#### What to produce
Extract from the entries below, exactly as given, only the lines from the line containing "m) (at (exp" to the line containing "by (intro lam_eq_0_if_lam_ne) simp", both lines included.

Records from a dataset

•••••

lemma u_log_height_ode:
  assumes lam: "lam = 0"
  obtains \<phi>' where "\<And>s. ((\<lambda>s. u (axis xn 1 + (exp s - 1) *\<^sub>R axis xn 1)) has_real_derivative \<phi>' s) (at s)"
    and "\<And>s. (\<phi>' has_real_derivative - ((real CARD('d) - 2) / m) * u (axis xn 1 + (exp s - 1) *\<^sub>R axis xn 1)) (at s)"
proof -
  define q0 :: "real^'d" where "q0 = axis xn 1"
  define P where "P s = q0 + (exp s - 1) *\<^sub>R axis xn 1" for s
  have P: "P s $ xn = exp s" "P s \<in> U" for s
    by (simp_all add: P_def q0_def mem_U axis_def)
  define \<phi>' where "\<phi>' s = - (u (P s) * pd xn f (P s) * exp s) / m" for s
  have u': "((\<lambda>r. u (q0 + r *\<^sub>R axis xn 1)) has_real_derivative - u (P s) * pd xn f (P s) / m) (at (exp s - 1))" for s
    using has_real_derivative_exp_along_axis[of f q0 "exp s - 1" xn m] differentiable_f[OF P(2)]
    by (simp add: P_def)
  have "((\<lambda>s. u (q0 + (exp s - 1) *\<^sub>R axis xn 1)) has_real_derivative \<phi>' s) (at s)" for s
  proof -
    have "((\<lambda>s. u (q0 + (exp s - 1) *\<^sub>R axis xn 1)) has_real_derivative - u (P s) * pd xn f (P s) / m * exp s) (at s)"
      by (rule DERIV_chain2[where g = "\<lambda>s. exp s - 1", OF u']) (auto intro!: derivative_eq_intros)
    then show ?thesis
      unfolding \<phi>'_def P_def by simp
  qed
  moreover have "(\<phi>' has_real_derivative - ((real CARD('d) - 2) / m) * u (P s)) (at s)" for s
  proof -
    have W': "((\<lambda>r. u (q0 + r *\<^sub>R axis xn 1) * pd xn f (q0 + r *\<^sub>R axis xn 1)) has_real_derivative
        u (P s) * ((real CARD('d) - 2) / (exp s)^2 - pd xn f (P s) / exp s)) (at (exp s - 1))"
      using has_real_derivative_weighted_pd[of f q0 "exp s - 1" xn xn m] qe_xn_xn[OF P(2)] P(1)
        differentiable_f[OF P(2)] differentiable_pd_f[OF P(2)]
      by (simp add: P_def lam)
    have "((\<lambda>s. u (P s) * pd xn f (P s)) has_real_derivative
        u (P s) * ((real CARD('d) - 2) / (exp s)^2 - pd xn f (P s) / exp s) * exp s) (at s)"
      unfolding P_def
      by (rule DERIV_chain2[where g = "\<lambda>s. exp s - 1", OF W'[unfolded P_def]]) (auto intro!: derivative_eq_intros)
    from DERIV_cdivide[OF DERIV_minus[OF DERIV_mult'[OF this DERIV_exp]], of m]
    have "(\<phi>' has_real_derivative - (u (P s) * pd xn f (P s) * exp s
        + u (P s) * ((real CARD('d) - 2) / (exp s)^2 - pd xn f (P s) / exp s) * exp s * exp s) / m) (at s)"
      unfolding \<phi>'_def[abs_def] .
    moreover have "- (u (P s) * pd xn f (P s) * exp s
        + u (P s) * ((real CARD('d) - 2) / (exp s)^2 - pd xn f (P s) / exp s) * exp s * exp s) / m
        = - ((real CARD('d) - 2) / m) * u (P s)"
      using m_pos by (simp add: field_simps power2_eq_square)
    ultimately show ?thesis
      by simp
  qed
  ultimately show ?thesis
    using that unfolding P_def q0_def by blast
qed

lemma lam_eq: "lam = - (real CARD('d) - 2)"
proof (rule ccontr)
  assume "lam \<noteq> - (real CARD('d) - 2)"
  then have "lam = 0"
    by (intro lam_eq_0_if_lam_ne) simp
  from u_log_height_ode[OF this] obtain \<phi>'
    where d1: "\<And>s. ((\<lambda>s. u (axis xn 1 + (exp s - 1) *\<^sub>R axis xn 1)) has_real_derivative \<phi>' s) (at s)"
    and d2: "\<And>s. (\<phi>' has_real_derivative - ((real CARD('d) - 2) / m) * u (axis xn 1 + (exp s - 1) *\<^sub>R axis xn 1)) (at s)"
    by blast
  have "- ((real CARD('d) - 2) / m) * u (axis xn 1 + (exp s - 1) *\<^sub>R axis xn 1) < 0" for s
    using dim m_pos by simp
  from strictly_concave_not_positive[OF d1 d2 this] show False
    by (auto simp: not_less[symmetric])
qed

definition at_height :: "real^'d \<Rightarrow> real \<Rightarrow> real^'d" where
  "at_height q h = q + (h - q $ xn) *\<^sub>R axis xn 1"

lemma at_height_simps:
  "at_height q h $ xn = h"
  "at_height (at_height q h) h' = at_height q h'"
  "i \<noteq> xn \<Longrightarrow> at_height (q + r *\<^sub>R axis i 1) h = at_height q h + r *\<^sub>R axis i 1"
  by (simp_all add: at_height_def axis_def vec_eq_iff algebra_simps)

lemma at_height_mem_U: "0 < h \<Longrightarrow> at_height q h \<in> U"
  by (simp add: mem_U at_height_simps)

lemma weighted_pd_at_height:
  assumes hj: "\<And>p. p \<in> U \<Longrightarrow> pd xn (pd j f) p - pd xn f p * pd j f p / m = - pd j f p / p $ xn"
    and q: "q \<in> U" and h: "0 < h"
  shows "h * (u (at_height q h) * pd j f (at_height q h)) = q $ xn * (u q * pd j f q)"
proof -
  define F where "F r = (q $ xn + r) * (u (q + r *\<^sub>R axis xn 1) * pd j f (q + r *\<^sub>R axis xn 1))" for r
  have "(F has_real_derivative 0) (at r)" if r: "r \<in> {- q $ xn <..< \<bar>h - q $ xn\<bar> + 1}" for r
  proof -
    let ?p = "q + r *\<^sub>R axis xn 1"
    have p: "?p \<in> U" "?p $ xn = q $ xn + r"
      using r by (simp_all add: mem_U axis_def)
    have "(F has_real_derivative (q $ xn + r) * (u ?p * (pd xn (pd j f) ?p - pd xn f ?p * pd j f ?p / m))
        + u ?p * pd j f ?p) (at r)"
      unfolding F_def[abs_def]
      using DERIV_mult'[OF DERIV_add[OF DERIV_const DERIV_ident] has_real_derivative_weighted_pd[of f q r xn j m]]
        differentiable_f[OF p(1)] differentiable_pd_f[OF p(1)] by simp
    moreover have "(q $ xn + r) * (u ?p * (pd xn (pd j f) ?p - pd xn f ?p * pd j f ?p / m)) + u ?p * pd j f ?p = 0"
      unfolding hj[OF p(1)] p(2) using r by (simp add: field_simps)
    ultimately show ?thesis
      by simp
  qed
  then have "F (h - q $ xn) = F 0"
    using q h by (intro DERIV_isconst3[of "- q $ xn" "\<bar>h - q $ xn\<bar> + 1"]) (auto simp: mem_U)
  then show ?thesis
    by (simp add: F_def at_height_def)
qed
lemma hurwitz_step_ctx: "hurwitz_step G u v \<Longrightarrow> set xs \<subseteq> carrier G \<Longrightarrow> set ys \<subseteq> carrier G \<Longrightarrow>
  hurwitz_step G (xs @ u @ ys) (xs @ v @ ys)"
  unfolding hurwitz_step_def
  apply clarify
  subgoal for xs' p q ys'
    by (rule exI[of _ "xs @ xs'"], rule exI[of _ p], rule exI[of _ q], rule exI[of _ "ys' @ ys"]) auto
  done

lemma hurwitz_ctx: "hurwitz G u v \<Longrightarrow> set xs \<subseteq> carrier G \<Longrightarrow> set ys \<subseteq> carrier G \<Longrightarrow>
  hurwitz G (xs @ u @ ys) (xs @ v @ ys)"
  unfolding hurwitz_def
proof (induction rule: rtranclp_induct)
  case (step y z)
  then have "symclp (hurwitz_step G) (xs @ y @ ys) (xs @ z @ ys)"
    by (auto simp: symclp_def intro: hurwitz_step_ctx)
  with step show ?case by (meson rtranclp.rtrancl_into_rtrancl)
qed simp

lemma hurwitz_elem: "p \<in> carrier G \<Longrightarrow> q \<in> carrier G \<Longrightarrow> hurwitz G [p, q] [conjg G p q, p]"
  unfolding hurwitz_def hurwitz_step_def
  by (rule r_into_rtranclp, rule symclpI1)
     (rule exI[of _ "[]"], rule exI[of _ p], rule exI[of _ q], rule exI[of _ "[]"], simp)

lemma hurwitz_step_imp_C_step: "hurwitz_step G u v \<Longrightarrow> carrier_C_step G u v"
  unfolding hurwitz_step_def carrier_C_step_def
  apply clarify
  subgoal for xs p q ys
    using C_step.elementary[of G xs p q ys] by auto
  done

lemma hurwitz_imp_cequiv: "hurwitz G u v \<Longrightarrow> cequiv G u v"
  unfolding hurwitz_def cequiv_def
  by (erule rtranclp_mono[THEN predicate2D, rotated]) (auto simp: symclp_def intro: hurwitz_step_imp_C_step)

end

definition lprod :: "('a, 'b) monoid_scheme \<Rightarrow> 'a list \<Rightarrow> 'a" where
  "lprod G xs = foldr (\<lambda>x acc. x \<otimes>\<^bsub>G\<^esub> acc) xs \<one>\<^bsub>G\<^esub>"

context group
begin

lemma lprod_Nil[simp]: "lprod G [] = \<one>"
  by (simp add: lprod_def)

lemma lprod_Cons[simp]: "lprod G (x # xs) = x \<otimes> lprod G xs"
  by (simp add: lprod_def)

lemma lprod_closed[simp]: "set xs \<subseteq> carrier G \<Longrightarrow> lprod G xs \<in> carrier G"
  by (induction xs) auto

lemma hurwitz_slide: "x \<in> carrier G \<Longrightarrow> set U \<subseteq> carrier G \<Longrightarrow>
  hurwitz G (x # U) (map (conjg G x) U @ [x])"
proof (induction U)
  case (Cons u U)
  have "hurwitz G (x # u # U) ([conjg G x u, x] @ U)"
    using hurwitz_ctx[OF hurwitz_elem[of x u], of "[]" U] Cons.prems by simp
  moreover have "hurwitz G ([conjg G x u] @ (x # U) @ []) ([conjg G x u] @ (map (conjg G x) U @ [x]) @ [])"
    using Cons by (intro hurwitz_ctx) auto
  ultimately show ?case by (auto intro: hurwitz_trans)
qed simp

lemma hurwitz_slide_comm: "w \<in> carrier G \<Longrightarrow> set U \<subseteq> carrier G \<Longrightarrow> (\<forall>u\<in>set U. w \<otimes> u = u \<otimes> w) \<Longrightarrow>
  hurwitz G (w # U) (U @ [w])"
  using hurwitz_slide[of w U] by (simp add: map_conjg_comm)

lemma hurwitz_commuting_words:
  assumes "set W \<subseteq> carrier G" "set A \<subseteq> carrier G" "\<forall>w\<in>set W. \<forall>u\<in>set A. w \<otimes> u = u \<otimes> w"
  shows "hurwitz G (W @ A) (A @ W)"
  using assms
proof (induction W)
  case (Cons w W)
  have "hurwitz G ([w] @ (W @ A) @ []) ([w] @ (A @ W) @ [])"
    using Cons by (intro hurwitz_ctx) auto
  moreover have "hurwitz G ([] @ (w # A) @ W) ([] @ (A @ [w]) @ W)"
    using Cons.prems by (intro hurwitz_ctx hurwitz_slide_comm) auto
  ultimately show ?case by (auto intro: hurwitz_trans)
qed simp

lemma hurwitz_slide_pow: "x \<in> carrier G \<Longrightarrow> set U \<subseteq> carrier G \<Longrightarrow>
  hurwitz G (replicate m x @ U) (map (conjg G (x [^] m)) U @ replicate m x)"
proof (induction m)
  case 0 then show ?case by (simp add: map_idI subset_iff)
next
  case (Suc m)
  have "hurwitz G ([x] @ (replicate m x @ U) @ []) ([x] @ (map (conjg G (x [^] m)) U @ replicate m x) @ [])"
    using Suc by (intro hurwitz_ctx) auto
  moreover have "hurwitz G ([] @ (x # map (conjg G (x [^] m)) U) @ replicate m x)
      ([] @ (map (conjg G x) (map (conjg G (x [^] m)) U) @ [x]) @ replicate m x)"
    using Suc.prems by (intro hurwitz_ctx hurwitz_slide) auto
  moreover have "map (conjg G x) (map (conjg G (x [^] m)) U) = map (conjg G (x [^] Suc m)) U"
    using Suc.prems by (simp add: map_conjg_mult nat_pow_Suc2[symmetric] del: map_map nat_pow_Suc)
  ultimately have "hurwitz G (x # replicate m x @ U) (map (conjg G (x [^] Suc m)) U @ [x] @ replicate m x)"
    by (simp only: append.simps append_Nil append_Nil2 append_assoc) (blast intro: hurwitz_trans)
  then show ?case by (simp only: replicate_Suc append.simps append_Nil)
qed

lemma hurwitz_slide_pow_left: "x \<in> carrier G \<Longrightarrow> set U \<subseteq> carrier G \<Longrightarrow>
  hurwitz G (U @ replicate m x) (replicate m x @ map (conjg G (inv (x [^] m))) U)"
proof -
  assume x: "x \<in> carrier G" and U: "set U \<subseteq> carrier G"
  have "set (map (conjg G (inv (x [^] m))) U) \<subseteq> carrier G"
    using x U by auto
  from hurwitz_slide_pow[OF x this, of m]
  have "hurwitz G (replicate m x @ map (conjg G (inv (x [^] m))) U) (U @ replicate m x)"
    using x U by (simp del: map_map)
  then show ?thesis by (rule hurwitz_sym)
qed

lemma hurwitz_slide_block: "w \<in> carrier G \<Longrightarrow> set U \<subseteq> carrier G \<Longrightarrow>
  hurwitz G (U @ [w]) (conjg G (lprod G U) w # U)"
proof (induction U)
  case (Cons u U)
  have "hurwitz G ([u] @ (U @ [w]) @ []) ([u] @ (conjg G (lprod G U) w # U) @ [])"
    using Cons by (intro hurwitz_ctx) auto
  moreover have "hurwitz G ([] @ [u, conjg G (lprod G U) w] @ U) ([] @ [conjg G u (conjg G (lprod G U) w), u] @ U)"
    using Cons.prems by (intro hurwitz_ctx hurwitz_elem) auto
  ultimately show ?case using Cons.prems by (auto intro: hurwitz_trans simp: conjg_mult)
qed simp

•••••

#### Expected answer
  have u': "((\<lambda>r. u (q0 + r *\<^sub>R axis xn 1)) has_real_derivative - u (P s) * pd xn f (P s) / m) (at (exp s - 1))" for s
    using has_real_derivative_exp_along_axis[of f q0 "exp s - 1" xn m] differentiable_f[OF P(2)]
    by (simp add: P_def)
  have "((\<lambda>s. u (q0 + (exp s - 1) *\<^sub>R axis xn 1)) has_real_derivative \<phi>' s) (at s)" for s
  proof -
    have "((\<lambda>s. u (q0 + (exp s - 1) *\<^sub>R axis xn 1)) has_real_derivative - u (P s) * pd xn f (P s) / m * exp s) (at s)"
      by (rule DERIV_chain2[where g = "\<lambda>s. exp s - 1", OF u']) (auto intro!: derivative_eq_intros)
    then show ?thesis
      unfolding \<phi>'_def P_def by simp
  qed
  moreover have "(\<phi>' has_real_derivative - ((real CARD('d) - 2) / m) * u (P s)) (at s)" for s
  proof -
    have W': "((\<lambda>r. u (q0 + r *\<^sub>R axis xn 1) * pd xn f (q0 + r *\<^sub>R axis xn 1)) has_real_derivative
        u (P s) * ((real CARD('d) - 2) / (exp s)^2 - pd xn f (P s) / exp s)) (at (exp s - 1))"
      using has_real_derivative_weighted_pd[of f q0 "exp s - 1" xn xn m] qe_xn_xn[OF P(2)] P(1)
        differentiable_f[OF P(2)] differentiable_pd_f[OF P(2)]
      by (simp add: P_def lam)
    have "((\<lambda>s. u (P s) * pd xn f (P s)) has_real_derivative
        u (P s) * ((real CARD('d) - 2) / (exp s)^2 - pd xn f (P s) / exp s) * exp s) (at s)"
      unfolding P_def
      by (rule DERIV_chain2[where g = "\<lambda>s. exp s - 1", OF W'[unfolded P_def]]) (auto intro!: derivative_eq_intros)
    from DERIV_cdivide[OF DERIV_minus[OF DERIV_mult'[OF this DERIV_exp]], of m]
    have "(\<phi>' has_real_derivative - (u (P s) * pd xn f (P s) * exp s
        + u (P s) * ((real CARD('d) - 2) / (exp s)^2 - pd xn f (P s) / exp s) * exp s * exp s) / m) (at s)"
      unfolding \<phi>'_def[abs_def] .
    moreover have "- (u (P s) * pd xn f (P s) * exp s
        + u (P s) * ((real CARD('d) - 2) / (exp s)^2 - pd xn f (P s) / exp s) * exp s * exp s) / m
        = - ((real CARD('d) - 2) / m) * u (P s)"
      using m_pos by (simp add: field_simps power2_eq_square)
    ultimately show ?thesis
      by simp
  qed
  ultimately show ?thesis
    using that unfolding P_def q0_def by blast
qed

lemma lam_eq: "lam = - (real CARD('d) - 2)"
proof (rule ccontr)
  assume "lam \<noteq> - (real CARD('d) - 2)"
  then have "lam = 0"
    by (intro lam_eq_0_if_lam_ne) simp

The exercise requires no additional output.